• _About this task_: Go through the records, and copy each line in which the string "there" is present.
BEGIN The data
(* For every integer $n>2$ there exist two pedigrees $\mathcal{T}(X_0)$ and $\mathcal{U}(X_0)$ on the same extant set $X_0$ with $|X_0|=n$ such that (i) for every $Y\subset X_0$ with $|Y|=n-1$ there is an isomorphism from the sub-pedigree $\mathcal{T}(Y)$ to the sub-pedigree $\mathcal{U}(Y)$ fixing every vertex of $Y$; but (ii) there is no isomorphism from $\mathcal{T}(X_0)$ to $\mathcal{U}(X_0)$ fixing every vertex of $X_0$. In particular, for every $n>3$ there are pedigrees of order $n$ that are not $(n-1)$-reconstructible.
   Context: A (general) pedigree $\mathcal{T}(X_0)$ on a set $X_0$ is a finite directed graph on a vertex set $V$ such that: every vertex has out-degree $0$ or $2$; $X_0\subseteq V$ and every vertex of $X_0$ has in-degree $0$; there are no isolated vertices. Vertices of $X_0$ are called extant; $|X_0|$ is the order of the pedigree. If $uv$ is an arc, $v$ is a parent of $u$. A vertex $v$ is an ancestor of $u$ (and $u$ a descendant of $v$) if there is a directed path from $u$ to $v$ (every vertex is its own ancestor and descendant). For $Y\subseteq X_0$, the sub-pedigree $\mathcal{T}(Y)$ is obtained from $\mathcal{T}(X_0)$ by deleting every vertex that has no descendant in $Y$; its extant set is $Y$. An isomorphism of pedigrees is a bijection of vertex sets preserving arcs in both directions. For $n>r>2$, two pedigrees of order $n$ on the same extant set $X_0$ are $r$-hypomorphic if for every $Y\subset X_0$ with $|Y|=r$ there is an isomorphism $\mathcal{T}(Y)\to\mathcal{U}(Y)$ fixing each vertex of $Y$; $\mathcal{T}(X_0)$ is $r$-reconstructible if every pedigree $\mathcal{U}(X_0)$ that is $r$-hypomorphic to it is isomorphic to it via an isomorphism fixing each vertex of $X_0$. *)

theory Defs
  imports Main
begin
END The data
• _Task answer_:
(* For every integer $n>2$ there exist two pedigrees $\mathcal{T}(X_0)$ and $\mathcal{U}(X_0)$ on the same extant set $X_0$ with $|X_0|=n$ such that (i) for every $Y\subset X_0$ with $|Y|=n-1$ there is an isomorphism from the sub-pedigree $\mathcal{T}(Y)$ to the sub-pedigree $\mathcal{U}(Y)$ fixing every vertex of $Y$; but (ii) there is no isomorphism from $\mathcal{T}(X_0)$ to $\mathcal{U}(X_0)$ fixing every vertex of $X_0$. In particular, for every $n>3$ there are pedigrees of order $n$ that are not $(n-1)$-reconstructible.
   Context: A (general) pedigree $\mathcal{T}(X_0)$ on a set $X_0$ is a finite directed graph on a vertex set $V$ such that: every vertex has out-degree $0$ or $2$; $X_0\subseteq V$ and every vertex of $X_0$ has in-degree $0$; there are no isolated vertices. Vertices of $X_0$ are called extant; $|X_0|$ is the order of the pedigree. If $uv$ is an arc, $v$ is a parent of $u$. A vertex $v$ is an ancestor of $u$ (and $u$ a descendant of $v$) if there is a directed path from $u$ to $v$ (every vertex is its own ancestor and descendant). For $Y\subseteq X_0$, the sub-pedigree $\mathcal{T}(Y)$ is obtained from $\mathcal{T}(X_0)$ by deleting every vertex that has no descendant in $Y$; its extant set is $Y$. An isomorphism of pedigrees is a bijection of vertex sets preserving arcs in both directions. For $n>r>2$, two pedigrees of order $n$ on the same extant set $X_0$ are $r$-hypomorphic if for every $Y\subset X_0$ with $|Y|=r$ there is an isomorphism $\mathcal{T}(Y)\to\mathcal{U}(Y)$ fixing each vertex of $Y$; $\mathcal{T}(X_0)$ is $r$-reconstructible if every pedigree $\mathcal{U}(X_0)$ that is $r$-hypomorphic to it is isomorphic to it via an isomorphism fixing each vertex of $X_0$. *)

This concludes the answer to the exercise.